[Collected data]
(* Let $\mathcal T_p$ be a Tarski monster, $X$ a finite generating system of $\mathcal T_p$, $\mathcal K$ a proper non-trivial subgroup and $\Gamma=\mathrm{Sch}(\mathcal T_p,\mathcal K,X)$. Then the group $\mathrm{Aut}_X(\Gamma)$ of label-preserving automorphisms of $\Gamma$ is trivial and each orbit of $\mathrm{Aut}(\Gamma)$ on vertices is finite. In particular, $\Gamma$ is not almost transitive, and Tarski monsters are strongly simple.
   Context: For a prime $p$, a Tarski monster $\mathcal T_p$ is an infinite group every proper non-trivial subgroup of which is cyclic of order $p$. The Schreier graph $\mathrm{Sch}(\mathcal A,\mathcal K,X)$ has vertices the right cosets $\mathcal Kg$ and, for each coset and each $x$ with $x\in X$ or $x^{-1}\in X$, an edge labeled $x$ from $\mathcal Kg$ to $\mathcal Kgx$ whose inverse is the edge labeled $x^{-1}$ from $\mathcal Kgx$. $\mathrm{Aut}(\Gamma)$ is the group of all graph automorphisms (ignoring labels). A graph is almost transitive if there is a finite set $V_0$ of vertices such that every vertex can be mapped into $V_0$ by an automorphism. A finitely generated group $\mathcal A$ is strongly simple if for every generating system $X$ of size at most $\mathrm{rank}(\mathcal A)+1$ (rank = minimal number of generators) and every proper non-trivial subgroup $\mathcal H$, $\mathrm{Sch}(\mathcal A,\mathcal H,X)$ is not vertex-transitive. *)

theory Defs
  imports "HOL-Algebra.Coset" "HOL-Algebra.Generated_Groups" "HOL-Computational_Algebra.Primes"
begin

definition tarski_monster :: "('a, 'b) monoid_scheme \<Rightarrow> nat \<Rightarrow> bool" where
  "tarski_monster G p \<longleftrightarrow> group G \<and> Factorial_Ring.prime p \<and> infinite (carrier G) \<and>
     (\<forall>H. subgroup H G \<and> H \<noteq> {\<one>\<^bsub>G\<^esub>} \<and> H \<noteq> carrier G \<longrightarrow>
        card H = p \<and> (\<exists>g\<in>carrier G. H = generate G {g}))"

definition gen_system :: "('a, 'b) monoid_scheme \<Rightarrow> 'a set \<Rightarrow> bool" where
  "gen_system G X \<longleftrightarrow> X \<subseteq> carrier G \<and> generate G X = carrier G"

definition fin_generated :: "('a, 'b) monoid_scheme \<Rightarrow> bool" where
  "fin_generated G \<longleftrightarrow> (\<exists>X. finite X \<and> gen_system G X)"

definition group_rank :: "('a, 'b) monoid_scheme \<Rightarrow> nat" where
  "group_rank G = (LEAST n. \<exists>X. finite X \<and> gen_system G X \<and> card X = n)"

(* Edges: pairs (C, x), C a vertex, x a label; the edge (C,x) goes from C to C x,
   carries label x, and its inverse edge is (C x, x^{-1}). *)
definition sch_V :: "('a, 'b) monoid_scheme \<Rightarrow> 'a set \<Rightarrow> 'a set set" where
  "sch_V G K = rcosets\<^bsub>G\<^esub> K"

definition sch_labels :: "('a, 'b) monoid_scheme \<Rightarrow> 'a set \<Rightarrow> 'a set" where
  "sch_labels G X = {x \<in> carrier G. x \<in> X \<or> inv\<^bsub>G\<^esub> x \<in> X}"

definition sch_E :: "('a, 'b) monoid_scheme \<Rightarrow> 'a set \<Rightarrow> 'a set \<Rightarrow> ('a set \<times> 'a) set" where
  "sch_E G K X = sch_V G K \<times> sch_labels G X"

definition sch_orig :: "'a set \<times> 'a \<Rightarrow> 'a set" where
  "sch_orig e = fst e"

definition sch_term :: "('a, 'b) monoid_scheme \<Rightarrow> 'a set \<times> 'a \<Rightarrow> 'a set" where
  "sch_term G e = fst e #>\<^bsub>G\<^esub> snd e"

Requirement
Would you copy exactly the lines from the one that contains "G \<longleftrightarrow> (\<exists>X." through the final line of the records above, including both?

Response
  "fin_generated G \<longleftrightarrow> (\<exists>X. finite X \<and> gen_system G X)"

definition group_rank :: "('a, 'b) monoid_scheme \<Rightarrow> nat" where
  "group_rank G = (LEAST n. \<exists>X. finite X \<and> gen_system G X \<and> card X = n)"

(* Edges: pairs (C, x), C a vertex, x a label; the edge (C,x) goes from C to C x,
   carries label x, and its inverse edge is (C x, x^{-1}). *)
definition sch_V :: "('a, 'b) monoid_scheme \<Rightarrow> 'a set \<Rightarrow> 'a set set" where
  "sch_V G K = rcosets\<^bsub>G\<^esub> K"

definition sch_labels :: "('a, 'b) monoid_scheme \<Rightarrow> 'a set \<Rightarrow> 'a set" where
  "sch_labels G X = {x \<in> carrier G. x \<in> X \<or> inv\<^bsub>G\<^esub> x \<in> X}"

definition sch_E :: "('a, 'b) monoid_scheme \<Rightarrow> 'a set \<Rightarrow> 'a set \<Rightarrow> ('a set \<times> 'a) set" where
  "sch_E G K X = sch_V G K \<times> sch_labels G X"

definition sch_orig :: "'a set \<times> 'a \<Rightarrow> 'a set" where
  "sch_orig e = fst e"

definition sch_term :: "('a, 'b) monoid_scheme \<Rightarrow> 'a set \<times> 'a \<Rightarrow> 'a set" where
  "sch_term G e = fst e #>\<^bsub>G\<^esub> snd e"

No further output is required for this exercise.